Course website: data101.pushpullfork.com
Online assignment submissions: Canvas

Contacting the instructor

The best way to get in touch with me during the course is via email: kshaffer@umw.edu. Please note that I have limited access to my UMW email on evenings and weekends, so be paitent if you email me after hours. Otherwise, I usually respond within a day or less.

Course description

  • Provide an introduction to data science. Cover a wide range of topics with the goal of providing an overview of the use of data in different fields.
  • Provide hands-on practice with basic tools and methods of data analysis.
  • Prepare students to use data in their field of study and in their work.

Course objectives

  • To learn what the new field of data science has to offer, and what the professionals who engage in it do every day. 
  • To become proficient in using the Python programming environment for data analysis. Students will leave this course with a level of comfort and confidence that enables them to shift their focus from the tool to the application in attacking future problems. 
  • To learn rudimentary programming concepts: variables, branching, functions, loops. (This is similar to what you’d learn in CPSC 110, but with a focus on data analysis more than algorithmic construction.)
  • To encounter, and tame, data “in the wild.” You will understand and be able to recognize the different ways data is stored, organized, and transmitted. You’ll also learn the sad but challenging truth that data normally doesn’t arrive in exactly the form you need it to be in: data scientists usually have to do some work on the front end to “wrangle” it into submission. 
  • To learn basic data exploration techniques: how to textually and graphically inspect a data set to get first impressions, summarize it, understand the scope of what it contains, identify ranges and outliers, identify its possible relationships to other data sets and how it might be merged, form possible hypotheses for more formal modeling, etc. 
  • To get an overview of what the “machine learning” part of data science is all about: making automated predictions and inferences about Big Data.

Required materials

A computer

Make sure you have a computer you can access whenever needed, not a borrowed one. This is essential for an online course in general, and a class on data science specifically. Over the course of the semester, you will need to download and install some free and/or open source software to complete various assignments, and much of the software we will use is not available on UMW lab machines, so make sure you have the necessary access/permissions to do this on a computer to which you have daily access. 

The internet

All readings/videos/activities will be available online. All assigned work will be submitted online. Reliable broadband internet access is a must. If you do not have access to reliable broadband off-campus, plan on doing a fair bit of your course work on the campus network.

Textbooks

  • DataCamp: Data Analyst with Python career track
  • Anaconda Distribution (Python 3.6 version) installed on a computer to which you have administrative access

By joining the class group on DataCamp (see your UMW email for invitation), you will have free access to all DataCamp courses in the Data Analyst career track (and many others!).

Credit and assessment

This course is about growing in your ability to think critically about digital technology and engage it deliberately. That will look different for each person, and to the extent that it can be measured, it rarely involves reproducing existing knowledge or jumping through well-worn academic hoops. The most important and interesting aspects of learning are things that are difficult to assess fairly and reductively (i.e., with a single letter). As a result, heavy emphasis on grades tends to undermine alternative perspectives and stifle creativity — the exact opposite of what a liberal education should do.

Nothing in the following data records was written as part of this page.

text \<open>Consequently, if alpha and beta generate F_(q^k), every nonconstant factor u of F
  in F_q[x] has a root with nk distinct Frobenius iterates, all of which are roots of u.\<close>
lemma degree_factor:
  assumes gen: "\<forall>j. fixes_gens j \<longrightarrow> k dvd j" and F0: "map_poly emb F0 = F"
    and u: "u dvd F0" "degree u > 0"
  shows "n * k \<le> degree u"
proof -
  define u_ac where "u_ac = map_poly emb_ac u"
  have deg_u_ac: "degree u_ac = degree u"
    unfolding u_ac_def by (rule degree_map_poly_morphism[OF emb_ac_morphism])
  hence u_ac_nonzero: "u_ac \<noteq> 0" using u(2) by auto
  obtain z where z: "poly u_ac z = 0" using alg_closed_imp_poly_has_root u(2) deg_u_ac by metis
  have "map_poly emb_ac u dvd map_poly emb_ac F0"
    using u(1) ring_morphism.hom_mult[OF ring_morphism.map_poly_morphism[OF emb_ac_morphism]]
    by (metis dvd_def)
  hence "poly (map_poly emb_ac F0) z = 0" using z unfolding u_ac_def by (metis dvdE mult_eq_0_iff poly_mult)
  then obtain a w where w: "poly g_ac w = 0" "z = (frob ^^ a) w"
    using root_F_from_root_g[OF F0] by blast
  have "(frob ^^ e) z \<noteq> z" if "0 < e" "e < n * k" for e
  proof
    assume "(frob ^^ e) z = z"
    hence "(frob ^^ a) ((frob ^^ e) w) = (frob ^^ a) w"
      using w(2) frob_iter_commute by metis
    hence "(frob ^^ e) w = w" using inj_frob_iter by (simp add: inj_eq)
    hence "n * k dvd e" by (rule root_g_period[OF gen w(1)])
    thus False using that by (simp add: nat_dvd_not_less)
  qed
  hence "inj_on (\<lambda>i. (frob ^^ i) z) {..<n * k}"
    by (rule inj_on_orbit[OF inj_frob_iter[of 1, simplified]])
  hence "n * k = card ((\<lambda>i. (frob ^^ i) z) ` {..<n * k})" by (simp add: card_image)
  also have "\<dots> \<le> card {x. poly u_ac x = 0}"
    using u_ac_nonzero root_frob_iter[of u z] z unfolding u_ac_def
    by (intro card_mono poly_roots_finite) auto
  also have "\<dots> \<le> degree u"
    using card_poly_roots_bound[OF u_ac_nonzero] deg_u_ac by simp
  finally show ?thesis .
qed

And yet, I still have to assign final grades. So in light of the individualized nature of our work, we will use self-assessment to determine final grades.

Weekly self-assessments

Approximately every three weeks (explicit due dates are posted in Canvas), you will submit a self-assessment document to Canvas (a template is provided in Canvas), along with all coursework completed since the previous self-assessment. In that self-assessment, write a response to the following questions (no more than a typical paragraph length total):

  • What did you do this week? (Reference all assigned readings and class activities, as well as anything else you think relevant to the course.)
  • What did you learn this week?
  • What difficulties/challenges did you conquer?
  • Who helped you?
  • Whom did you help?
  • What can I as an instructor do to better support you and your work?

Then for each learning objective listed for the course (see below), assign yourself one of the following assessments: objective met, significant progress made, or no significant progress made. Also provide a one-to-three-sentence explanation for your assessment for each objective, referencing specific work you did and results accomplished.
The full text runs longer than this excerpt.